# Issues with Nataf transform implementation

### Issues with Nataf transform implementation

In this post we present some issues related to the Mapping method implemented in Effective Quadrature, the Nataf transform.
Recalling the post Sensitivity Analisys with Effective Quadratures(https://discourse.effective-quadratures.org/t/sensitivity-analysis-with-effective-quadratures),
we want to construct a model f = \approx f(M, S, V_0, k, P_0, T_a, T_0) taking into account the correlation between the incertain input variables.

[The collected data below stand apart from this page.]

lemma closing_surplus_last_opener:
  assumes "\<forall>x\<in>S. P x \<longrightarrow> x \<le> p"
  shows "closing_surplus S P p = card {q\<in>S. p < q}"
proof -
  have closers: "{q\<in>S. p < q \<and> \<not> P q} = {q\<in>S. p < q}" using assms by force
  have openers: "{q\<in>S. p < q \<and> P q} = {}" using assms by force
  show ?thesis unfolding closing_surplus_def closers openers by simp
qed

lemma card_bracket_matchings_expand_last_opener:
  assumes "finite S" and "p \<in> S" "P p" and "\<forall>x\<in>S. P x \<longrightarrow> x \<le> p"
  shows "card (perfect_matchings S (bracket_pairs S P)) =
    (\<Sum>q\<in>{q\<in>S. p < q}. card (perfect_matchings (S - {p, q}) (bracket_pairs (S - {p, q}) P)))"
proof -
  have "{e\<in>bracket_pairs S P. fst e = p \<or> snd e = p} = Pair p ` {q\<in>S. p < q}"
    using assms(2-4) unfolding bracket_pairs_def by force
  thus ?thesis
    using card_perfect_matchings_expand[OF assms(1,2) bracket_pairs_subset]
    by (simp add: bracket_pairs_restrict Diff_subset sum.reindex inj_on_def)
qed

lemma card_bracket_matchings:
  fixes S :: "'a::linorder set"
  assumes "finite S" and "card {p\<in>S. P p} = card {q\<in>S. \<not> P q}"
  shows "card (perfect_matchings S (bracket_pairs S P)) =
    (\<Prod>p\<in>{p\<in>S. P p}. closing_surplus S P p)"
  using assms
proof (induction "card S" arbitrary: S rule: less_induct)
  case less
  let ?O = "{p\<in>S. P p}"
  show ?case
  proof (cases "?O = {}")
    case True
    hence "card {q\<in>S. \<not> P q} = 0" using less.prems(2) by (metis card.empty)
    hence "S = {}" using True less.prems(1) by auto
    thus ?thesis by (simp add: bracket_pairs_def perfect_matchings_empty)
  next
    case False
    have finO: "finite ?O" using less.prems(1) by simp
    define p where "p = Max ?O"
    have p: "p \<in> S" "P p" using Max_in[OF finO False] unfolding p_def by auto
    have p_max: "\<forall>x\<in>S. P x \<longrightarrow> x \<le> p" using Max_ge[OF finO] unfolding p_def by auto
    let ?rest = "\<Prod>p'\<in>?O - {p}. closing_surplus S P p'"
    have remove_pair: "card (perfect_matchings (S - {p, q}) (bracket_pairs (S - {p, q}) P)) = ?rest"
      if "q \<in> S" "p < q" for q
    proof -
      have "\<not> P q" using p_max that by force
      have O_rest: "{x\<in>S - {p, q}. P x} = ?O - {p}" using \<open>\<not> P q\<close> by auto
      have "{x\<in>S - {p, q}. \<not> P x} = {x\<in>S. \<not> P x} - {q}" using p by auto
      hence "card {x\<in>S - {p, q}. P x} = card {x\<in>S - {p, q}. \<not> P x}"
        unfolding O_rest using less.prems p that \<open>\<not> P q\<close> by (simp add: card_Diff_singleton)
      moreover have "card (S - {p, q}) < card S"
        using less.prems(1) p that by (intro psubset_card_mono) auto
      ultimately have "card (perfect_matchings (S - {p, q}) (bracket_pairs (S - {p, q}) P))
          = (\<Prod>p'\<in>?O - {p}. closing_surplus (S - {p, q}) P p')"
        using less.hyps less.prems(1) O_rest by simp
      also have "\<dots> = ?rest"
      proof (rule prod.cong[OF refl])
        fix p' assume "p' \<in> ?O - {p}"
        hence "p' < p" using p_max by force
        thus "closing_surplus (S - {p, q}) P p' = closing_surplus S P p'"
          using closing_surplus_Diff[OF less.prems(1) p that(1) \<open>\<not> P q\<close>] that(2) by simp
      qed
      finally show ?thesis .
    qed
    have "card (perfect_matchings S (bracket_pairs S P)) = (\<Sum>q\<in>{q\<in>S. p < q}. ?rest)"
      using card_bracket_matchings_expand_last_opener[OF less.prems(1) p p_max] remove_pair by simp
    also have "\<dots> = closing_surplus S P p * ?rest"
      using closing_surplus_last_opener[OF p_max] by simp
    also have "\<dots> = (\<Prod>p'\<in>?O. closing_surplus S P p')"
      using p by (intro prod.remove[OF finO, symmetric]) simp
    finally show ?thesis .
  qed
qed

lemma card_bracket_matchings_image:
  fixes f :: "'a::linorder \<Rightarrow> 'b::linorder"
  assumes "finite S" and "strict_mono_on S f" and "\<And>x. x \<in> S \<Longrightarrow> Q (f x) = P x"
    and "card {p\<in>S. P p} = card {q\<in>S. \<not> P q}"
  shows "card (perfect_matchings (f ` S) (bracket_pairs (f ` S) Q)) =
    card (perfect_matchings S (bracket_pairs S P))"
proof -
  have card_image_S: "card (f ` A) = card A" if "A \<subseteq> S" for A
    using card_image inj_on_subset[OF strict_mono_on_imp_inj_on[OF assms(2)] that] by blast
  have openers: "{y\<in>f ` S. Q y} = f ` {p\<in>S. P p}"
    using assms(3) by force
  have closers: "{y\<in>f ` S. \<not> Q y} = f ` {p\<in>S. \<not> P p}"
    using assms(3) by force
  have surplus: "closing_surplus (f ` S) Q (f p) = closing_surplus S P p" if "p \<in> S" for p
  proof -
    have "x \<in> S \<Longrightarrow> f p < f x \<longleftrightarrow> p < x" for x
      using strict_mono_on_less[OF assms(2) that] by blast
    hence "{y\<in>f ` S. f p < y \<and> \<not> Q y} = f ` {x\<in>S. p < x \<and> \<not> P x}"
      "{y\<in>f ` S. f p < y \<and> Q y} = f ` {x\<in>S. p < x \<and> P x}"
      using assms(3) by force+
    thus ?thesis unfolding closing_surplus_def by (simp add: card_image_S)
  qed
  have "card (perfect_matchings (f ` S) (bracket_pairs (f ` S) Q))
      = (\<Prod>y\<in>f ` {p\<in>S. P p}. closing_surplus (f ` S) Q y)"
    using card_bracket_matchings[of "f ` S" Q] assms(1,4) by (simp add: openers closers card_image_S)
  also have "\<dots> = (\<Prod>p\<in>{p\<in>S. P p}. closing_surplus (f ` S) Q (f p))"
    using inj_on_subset[OF strict_mono_on_imp_inj_on[OF assms(2)], of "{p\<in>S. P p}"]
    by (simp add: prod.reindex)
  also have "\<dots> = (\<Prod>p\<in>{p\<in>S. P p}. closing_surplus S P p)"
    using surplus by simp
  also have "\<dots> = card (perfect_matchings S (bracket_pairs S P))"
    using card_bracket_matchings[OF assms(1,4)] by simp
  finally show ?thesis .
qed

lemma depth_conv_card:
  "k \<le> length w \<Longrightarrow>
    depth w k = int (card {i. i < k \<and> w ! i}) - int (card {i. i < k \<and> \<not> w ! i})"
  unfolding depth_def
  by (simp add: length_filter_conv_card min_absorb2 nth_take conj_commute cong: conj_cong)

lemma concat_map_if_singleton:
  "concat (map (\<lambda>x. if P x then [f x] else []) xs) = map f (filter P xs)"
  by (induction xs) auto

lemma prod_list_opening_depths:
  "prod_list (opening_depths w) = (\<Prod>k\<in>{k. k < length w \<and> w ! k}. depth w (k + 1))"
proof -
  have "prod_list (opening_depths w) =
      prod_list (map (\<lambda>k. depth w (k + 1)) (filter ((!) w) [0..<length w]))"
    unfolding opening_depths_def concat_map_if_singleton ..
  also have "\<dots> = (\<Prod>k\<in>set (filter ((!) w) [0..<length w]). depth w (k + 1))"
    by (rule prod.distinct_set_conv_list[symmetric]) simp
  also have "set (filter ((!) w) [0..<length w]) = {k. k < length w \<and> w ! k}"
    by auto
  finally show ?thesis .
qed

lemma dyck_balanced:
  "dyck w \<Longrightarrow> card {i\<in>{..<length w}. w ! i} = card {i\<in>{..<length w}. \<not> w ! i}"
  using depth_conv_card[of "length w" w] unfolding dyck_def by simp

lemma card_bracket_matchings_dyck:
  assumes "dyck w"
  shows "int (card (perfect_matchings {..<length w} (bracket_pairs {..<length w} ((!) w)))) =
    prod_list (opening_depths w)"
proof -
  let ?n = "length w"
  have split:
    "card {i. i < ?n \<and> R i} = card {i. i < k + 1 \<and> R i} + card {q\<in>{..<?n}. k < q \<and> R q}"
    if "k < ?n" for k R
  proof -
    have "{i. i < ?n \<and> R i} = {i. i < k + 1 \<and> R i} \<union> {q\<in>{..<?n}. k < q \<and> R q}"
      using that by auto
    thus ?thesis by (simp add: card_Un_disjoint disjoint_iff)
  qed
  have balanced: "card {i. i < ?n \<and> w ! i} = card {i. i < ?n \<and> \<not> w ! i}"
    using dyck_balanced[OF assms] by simp
  have surplus: "int (closing_surplus {..<?n} ((!) w) k) = depth w (k + 1)" if "k < ?n" for k
  proof -
    have "depth w (k + 1) =
        int (card {q\<in>{..<?n}. k < q \<and> \<not> w ! q}) - int (card {q\<in>{..<?n}. k < q \<and> w ! q})"
      using depth_conv_card[of "k + 1" w] that balanced
        split[OF that, of "(!) w"] split[OF that, of "\<lambda>i. \<not> w ! i"]
      by simp
    moreover have "depth w (k + 1) \<ge> 0" using assms that unfolding dyck_def by simp
    ultimately show ?thesis unfolding closing_surplus_def by simp
  qed
  from dyck_balanced[OF assms]
  have "int (card (perfect_matchings {..<?n} (bracket_pairs {..<?n} ((!) w)))) =
      (\<Prod>k\<in>{k\<in>{..<?n}. w ! k}. int (closing_surplus {..<?n} ((!) w) k))"
    by (simp add: card_bracket_matchings)
  also have "\<dots> = (\<Prod>k\<in>{k. k < ?n \<and> w ! k}. depth w (k + 1))"
    using surplus by (intro prod.cong) auto
  also have "\<dots> = prod_list (opening_depths w)"
    by (rule prod_list_opening_depths[symmetric])
  finally show ?thesis .
qed

definition occupied_positions :: "nat \<Rightarrow> elop list \<Rightarrow> nat set" where
  "occupied_positions Nocc e = {p. p < length e \<and> snd (e ! p) \<le> Nocc}"

definition virtual_positions :: "nat \<Rightarrow> elop list \<Rightarrow> nat set" where
  "virtual_positions Nocc e = {p. p < length e \<and> Nocc < snd (e ! p)}"

lemma card_well_contractions:
  "card (well_contractions Nocc e) =
     card (perfect_matchings (occupied_positions Nocc e)
             (bracket_pairs (occupied_positions Nocc e) (\<lambda>p. fst (e ! p)))) *
     card (perfect_matchings (virtual_positions Nocc e)
             (bracket_pairs (virtual_positions Nocc e) (\<lambda>p. \<not> fst (e ! p))))"
proof -
  let ?O = "occupied_positions Nocc e" and ?V = "virtual_positions Nocc e"
  have "well_contractions Nocc e =
      perfect_matchings {..<length e} {(p, q). p < q \<and> q < length e \<and> well_pair Nocc (e ! p) (e ! q)}"
    unfolding well_contractions_def perfect_matchings_def by (simp only: Ball_def lessThan_iff)
  also have "{..<length e} = ?O \<union> ?V"
    unfolding occupied_positions_def virtual_positions_def by auto
  also have "{(p, q). p < q \<and> q < length e \<and> well_pair Nocc (e ! p) (e ! q)} =
      bracket_pairs ?O (\<lambda>p. fst (e ! p)) \<union> bracket_pairs ?V (\<lambda>p. \<not> fst (e ! p))"
    unfolding occupied_positions_def virtual_positions_def bracket_pairs_def well_pair_def by auto
  moreover have "?O \<inter> ?V = {}"
    unfolding occupied_positions_def virtual_positions_def by auto
  ultimately show ?thesis
    by (simp add: card_perfect_matchings_Un bracket_pairs_subset)
qed

lemma length_expand: "length (expand x) = 2"
  by (cases x) simp_all

lemma length_elems: "length (elems C) = 2 * length C"
  by (induction C) (simp_all add: elems_def length_expand)

lemma nth_elems:
  "j < length C \<Longrightarrow> b < 2 \<Longrightarrow> elems C ! (2 * j + b) = expand (C ! j) ! b"
proof (induction C arbitrary: j)
  case (Cons x C)
  have "elems (x # C) = expand x @ elems C" by (simp add: elems_def)
  thus ?case using Cons by (cases j) (simp_all add: nth_append length_expand)
qed simp

text \<open>
  The \<open>j\<close>-th (de)excitation operator occupies positions \<open>2j\<close> and \<open>2j + 1\<close> of the expanded
  chain; its occupied spin-orbital is the creator at \<open>2j\<close> for a deexcitation and the
  annihilator at \<open>2j + 1\<close> for an excitation, and its virtual one the other position.
\<close>

definition occupied_position :: "bool list \<Rightarrow> nat \<Rightarrow> nat" where
  "occupied_position w j = 2 * j + (if w ! j then 0 else 1)"

definition virtual_position :: "bool list \<Rightarrow> nat \<Rightarrow> nat" where
  "virtual_position w j = 2 * j + (if w ! j then 1 else 0)"

lemma strict_mono_on_occupied_position: "strict_mono_on A (occupied_position w)"
  unfolding strict_mono_on_def occupied_position_def by auto

lemma strict_mono_on_virtual_position: "strict_mono_on A (virtual_position w)"
  unfolding strict_mono_on_def virtual_position_def by auto

lemma elems_at_positions:
  assumes "valid_exop L Nocc (C ! j)" and "j < length C"
  shows "snd (elems C ! occupied_position (bracket_word C) j) \<le> Nocc"
    and "fst (elems C ! occupied_position (bracket_word C) j) = bracket_word C ! j"
    and "Nocc < snd (elems C ! virtual_position (bracket_word C) j)"
    and "\<not> fst (elems C ! virtual_position (bracket_word C) j) = bracket_word C ! j"
  using assms nth_elems[OF assms(2), of 0] nth_elems[OF assms(2), of 1]
  by (cases "C ! j"; simp add: occupied_position_def virtual_position_def bracket_word_def)+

from equadratures import *
import numpy as np
import matplotlib.pyplot as plt
# inputs
order_parameters = 3
mass = Parameter(distribution='uniform',lower=30., upper=60., order=order_parameters)
area = Parameter(distribution='uniform',lower=0.005, upper=0.02, order=order_parameters)
volume = Parameter(distribution='uniform', lower=0.002,upper=0.01, order=order_parameters)
spring = Parameter(distribution='uniform', lower=1000, upper=5000., order=order_parameters)
pressure = Parameter(distribution='uniform', lower=90000., upper=110000., order=order_parameters)
ambtemp = Parameter(distribution='uniform',lower=290.,upper=296., order=order_parameters)
gastemp = Parameter(distribution='uniform', lower=340., upper=360., order=order_parameters)
parameters = [mass,area,volume,spring,pressure,ambtemp,gastemp]

def piston(x):
mass, area, volume, spring, pressure, ambtemp, gastemp = x[0],x[1],x[2],x[3],x[4],x[5],x[6]
A = pressure*area + 19.62*mass - (spring*volume)/(1./area)
V = (area/(2.*spring))*(np.sqrt(A**2 + 4*spring*pressure*volume*ambtemp/gastemp))
C = 2*np.pi*np.sqrt(mass/(spring + area**2*pressure*volume*ambtemp/(gastemp*V**2)))
return C

Lets assume a strong correlation coefficient \rho = 0.85 between the Initial Gas Volume V_0 and the Filling Gas Temperature T_0, as well as between Athmosferic Pressure P_{atm} and the Ambient Temperature T_{amb}.
A milder correlation between the remaing parameters is assumed, setting the relative off-diagonal elements to \rho =0.3.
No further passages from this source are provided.